Counting the binary representation of an Integer

Question

I have to count the length of binary representation of an integer. I've tried something like this:

int binaryLength(int n)
{
      int i = 32;
      while (i > 0)
      {
           if (n >> i & 1) break;
           else i--;
       }
       return i;
 }

But when i have number like 9 (1001), this function returns me 32.

Answer 1

I'd abandon the loop approach if I were you.

Here's the fastest way I know of - coded specifically for a 32 bit int. It will not work for a negative integer (the bit patterns for negative integers are platform dependent anyway). Add an extra line for a 64 bit int; the scheme ought to be obvious.

int binaryLength(int n)
{
    int i = 0; // the minimum number of bits required.
    if (n >= 0x7FFF) {n >>= 16; i += 16;}
    if (n >= 0x7F) {n >>= 8; i += 8;}
    if (n >= 0x7) {n >>= 4; i += 4;}
    if (n >= 0x3) {n >>= 2; i += 2;}
    if (n >= 0x1) {n >>= 1; i += 1;}
    return i;
}

Answer 2

You can find the length by doing the following:

length = ceil(log(N + 1)/log(2));

that is the length is the ceiling of the log base 2 of N. Since I can't remember the log base 2 function name, I am doing the equivalent above. You need to N + 1 to correctly account for N being a direct power of 2 and thus needing the one extra bit to represent it. Example N = 8 = 1000 in binary. log base 2 of 8 is 3 and the ceiling of 3 is 3, but log base 2 of 9 is 3.16993 and the ceiling of 3.16993 is 4

Answer 3

Firstly, consider using unsigned int - I suspect that's what you want anyway. Then a sensible approach would be to keep shifting your input number down until it is zero. Something like:

unsigned int binaryLength(unsigned int n)
{
      unsigned int i = 0;
      while (n >>= 1)
      {
         ++i;
      }

      return i;
}

There are much faster ways (you can simply use a look-up table etc) but this seems close to your original approach.

Answer 4

From wikipedia,

An N-bit two's-complement numeral system can represent every integer in the range −(2N − 1) to +(2N − 1 − 1)...
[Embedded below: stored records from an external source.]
(* Let $K\subset\mathbb C$ be a number field, let $\pi\in K$ be a non-square, let $L=K(\sqrt\pi)$, and let $\sigma$ be the non-trivial automorphism of $L/K$. Let $\mathfrak b$ be a nonzero ideal of $\mathcal O_K$ such that $\mathfrak b\mathcal O_L=\beta\mathcal O_L$ for some $\beta\in L$. (1) If $\beta^{\sigma-1}=-1$, then $\pi\mathcal O_K$ is the square of a (fractional) ideal of $K$. (2) If $\beta^{\sigma-1}=\zeta$, where $\zeta$ is a primitive $2^m$th root of unity with $m\ge 2$, then $\pi_m\mathcal O_K$ is the square of a (fractional) ideal of $K$.
   Context: $\mathcal O_F$ denotes the ring of integers of a number field $F$, and $\beta^{\sigma-1}$ means $\sigma(\beta)/\beta$. For $n\ge2$, $\pi_n=2+\zeta_{2^n}+\zeta_{2^n}^{-1}$ with $\zeta_{2^n}=e^{2\pi i/2^n}$. *)

theory Defs
  imports "HOL-Analysis.Analysis" "HOL-Computational_Algebra.Polynomial"
begin

definition is_subfield :: "complex set \<Rightarrow> bool" where
  "is_subfield K \<longleftrightarrow> 0 \<in> K \<and> 1 \<in> K \<and>
     (\<forall>x\<in>K. \<forall>y\<in>K. x + y \<in> K \<and> x - y \<in> K \<and> x * y \<in> K) \<and>
     (\<forall>x\<in>K. x \<noteq> 0 \<longrightarrow> inverse x \<in> K)"

definition number_field :: "complex set \<Rightarrow> bool" where
  "number_field K \<longleftrightarrow> is_subfield K \<and>
     (\<exists>B. finite B \<and> B \<subseteq> K \<and> (\<forall>x\<in>K. \<exists>c. x = (\<Sum>b\<in>B. of_rat (c b) * b)))"

definition ring_of_integers :: "complex set \<Rightarrow> complex set" where
  "ring_of_integers F = {x \<in> F. algebraic_int x}"

definition ideal_mult :: "complex set \<Rightarrow> complex set \<Rightarrow> complex set" where
  "ideal_mult A B = {(\<Sum>i<n. a i * b i) | (n::nat) a b. \<forall>i<n. a i \<in> A \<and> b i \<in> B}"

definition principal_ideal :: "complex \<Rightarrow> complex set \<Rightarrow> complex set" where
  "principal_ideal x R = (\<lambda>r. x * r) ` R"

definition is_ideal :: "complex set \<Rightarrow> complex set \<Rightarrow> bool" where
  "is_ideal R I \<longleftrightarrow> I \<subseteq> R \<and> 0 \<in> I \<and> (\<forall>x\<in>I. \<forall>y\<in>I. x + y \<in> I) \<and>
     (\<forall>r\<in>R. \<forall>x\<in>I. r * x \<in> I)"

definition fractional_ideal :: "complex set \<Rightarrow> complex set \<Rightarrow> bool" where
  "fractional_ideal K J \<longleftrightarrow> J \<subseteq> K \<and> 0 \<in> J \<and> J \<noteq> {0} \<and>
     (\<forall>x\<in>J. \<forall>y\<in>J. x + y \<in> J) \<and>
     (\<forall>r\<in>ring_of_integers K. \<forall>x\<in>J. r * x \<in> J) \<and>
     (\<exists>d\<in>ring_of_integers K. d \<noteq> 0 \<and> (\<forall>x\<in>J. d * x \<in> ring_of_integers K))"

text \<open>The quadratic extension K(s), where s is a square root of pi, and its conjugation
  automorphism a + b s \<mapsto> a - b s (well defined when pi is not a square in K).\<close>
definition quad_ext :: "complex set \<Rightarrow> complex \<Rightarrow> complex set" where
  "quad_ext K s = {a + b * s | a b. a \<in> K \<and> b \<in> K}"

definition quad_conj :: "complex set \<Rightarrow> complex \<Rightarrow> complex \<Rightarrow> complex" where
  "quad_conj K s x = (THE y. \<exists>a\<in>K. \<exists>b\<in>K. x = a + b * s \<and> y = a - b * s)"

definition pi_n :: "nat \<Rightarrow> complex" where
  "pi_n n = 2 + exp (2 * of_real pi * \<i> / 2 ^ n) + inverse (exp (2 * of_real pi * \<i> / 2 ^ n))"

definition primitive_root_of_unity :: "nat \<Rightarrow> complex \<Rightarrow> bool" where
  "primitive_root_of_unity n z \<longleftrightarrow> z ^ n = 1 \<and> (\<forall>k. 0 < k \<and> k < n \<longrightarrow> z ^ k \<noteq> 1)"

end

theory Submission
  imports Defs "Jordan_Normal_Form.Char_Poly" "HOL-Number_Theory.Cong"
begin

text \<open>Let \<open>\<sigma>\<close> be the conjugation of \<open>L = K(\<surd>\<pi>)\<close> and \<open>\<bb>O\<^sub>L = \<beta>O\<^sub>L\<close>. For \<open>c \<in> K\<^sup>\<times>\<close> the
  fractional ideal \<open>J = c\<bb>\<close> satisfies \<open>JO\<^sub>L = \<gamma>O\<^sub>L\<close> with \<open>\<gamma> = c\<beta>\<close>, and \<open>J\<^sup>2 = tO\<^sub>K\<close> as soon as
  \<open>\<gamma>\<^sup>2/t\<close> is integral and \<open>t = u \<gamma> \<sigma>(\<gamma>)\<close> with \<open>u \<in> O\<^sub>K\<close>: the first condition gives
  \<open>J\<^sup>2 \<subseteq> tO\<^sub>K\<close>, and writing \<open>\<gamma> = \<Sum> \<alpha>\<^sub>i y\<^sub>i\<close> with \<open>\<alpha>\<^sub>i \<in> J\<close>, \<open>y\<^sub>i \<in> O\<^sub>L\<close> exhibits \<open>\<gamma> \<sigma>(\<gamma>)\<close> as
  an \<open>O\<^sub>K\<close>-combination of the products \<open>\<alpha>\<^sub>i \<alpha>\<^sub>j\<close>, whose coefficients are norms and traces of
  integers of \<open>L\<close>; hence \<open>t \<in> J\<^sup>2\<close>.

  If \<open>\<sigma>(\<beta>) = -\<beta>\<close> then \<open>\<beta> \<in> K\<surd>\<pi>\<close>, and \<open>\<gamma> = \<surd>\<pi>\<close>, \<open>t = \<pi>\<close>, \<open>u = -1\<close> work. If
  \<open>\<sigma>(\<beta>) = \<zeta>\<beta>\<close>, then \<open>c = Tr(\<beta>)/N(\<beta>)\<close> gives \<open>\<gamma> = 1 + \<zeta>\<^sup>-\<^sup>1\<close>, whose norm \<open>2 + \<zeta> + \<zeta>\<^sup>-\<^sup>1\<close>
  is an associate of \<open>\<pi>\<^sub>m\<close>, and \<open>\<gamma>\<^sup>2 = \<zeta>\<^sup>-\<^sup>1(2 + \<zeta> + \<zeta>\<^sup>-\<^sup>1)\<close>; so \<open>t = \<pi>\<^sub>m\<close> works.\<close>

section \<open>Algebraic integers\<close>

lemma algebraic_int_of_int_matrix_eigenvector:
  fixes x :: "'a :: field_char_0" and f :: "nat \<Rightarrow> 'a" and a :: "nat \<Rightarrow> nat \<Rightarrow> int"
  assumes nonzero: "i0 < n" "f i0 \<noteq> 0"
    and eigen: "\<And>i. i < n \<Longrightarrow> x * f i = (\<Sum>j<n. of_int (a i j) * f j)"
  shows "algebraic_int x"
proof -
  define A :: "int mat" where "A = mat n n (\<lambda>(i,j). a i j)"
  define Am :: "'a mat" where "Am = map_mat of_int A"
  define v where "v = vec n f"
  have A: "A \<in> carrier_mat n n" unfolding A_def by simp
  have Am: "Am \<in> carrier_mat n n" unfolding Am_def using A by simp
  have "Am *\<^sub>v v = x \<cdot>\<^sub>v v"
  proof (rule eq_vecI)
    fix i assume "i < dim_vec (x \<cdot>\<^sub>v v)"
    hence i: "i < n" unfolding v_def by simp
    have "(Am *\<^sub>v v) $ i = (\<Sum>j = 0..<n. of_int (a i j) * f j)"
      using i unfolding Am_def A_def v_def by (simp add: scalar_prod_def)
    also have "\<dots> = x * f i" using eigen[OF i] by (simp add: atLeast0LessThan)
    finally show "(Am *\<^sub>v v) $ i = (x \<cdot>\<^sub>v v) $ i" using i unfolding v_def by simp
  qed (simp add: Am_def A_def v_def)
  moreover have "v \<in> carrier_vec n" "v \<noteq> 0\<^sub>v n"
    using nonzero unfolding v_def by (auto simp: vec_eq_iff)
  ultimately have "eigenvalue Am x" unfolding eigenvalue_def eigenvector_def using Am by auto
  hence "poly (char_poly Am) x = 0" using eigenvalue_root_char_poly[OF Am] by simp
  moreover have "char_poly Am = map_poly of_int (char_poly A)"
    unfolding Am_def by (rule of_int_hom.char_poly_hom[OF A])
  moreover have "lead_coeff (char_poly A) = 1" using degree_monic_char_poly[OF A] by simp
  ultimately show ?thesis unfolding algebraic_int_altdef_ipoly by metis
qed

definition int_span :: "'a :: comm_ring_1 set \<Rightarrow> 'a set" where
  "int_span S = {(\<Sum>h\<in>S. of_int (c h) * h) | c. True}"

lemma int_spanI: "z = (\<Sum>h\<in>S. of_int (c h) * h) \<Longrightarrow> z \<in> int_span S"
  unfolding int_span_def by blast

lemma int_span_zero: "0 \<in> int_span S"
  by (rule int_spanI[where c = "\<lambda>_. 0"]) simp

lemma int_span_add:
  assumes "z \<in> int_span S" "w \<in> int_span S"
  shows "z + w \<in> int_span S"
proof -
  obtain c d where "z = (\<Sum>h\<in>S. of_int (c h) * h)" "w = (\<Sum>h\<in>S. of_int (d h) * h)"
    using assms unfolding int_span_def by blast
  hence "z + w = (\<Sum>h\<in>S. of_int (c h + d h) * h)"
    by (simp add: sum.distrib distrib_right)
  thus ?thesis by (rule int_spanI)
qed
This should work for both negative and positive numbers.

int binaryLength(int n)
{
    int num       = n;
    int nMinus1   = 0;
    int i         = 0;

    if(0 > num)
        num = -num;

    if(0 >= n)
    {
        while(((1<<nMinus1)-1) <= num)
        {
            nMinus1++;
        }
    } else {
        while((1<<nMinus1) <= num)
        {
            nMinus1++;
        }
    }

    i = nMinus1+1;

    printf("Number %d binary length %d\n", n, i);

    return 0;
}

Tested with some inputs:

Number 0 binary length 2                                                                                                                                            
Number 1 binary length 2                                                                                                                                            
Number -1 binary length 3                                                                                                                                           
Number 9 binary length 5                                                                                                                                            
Number -9 binary length 5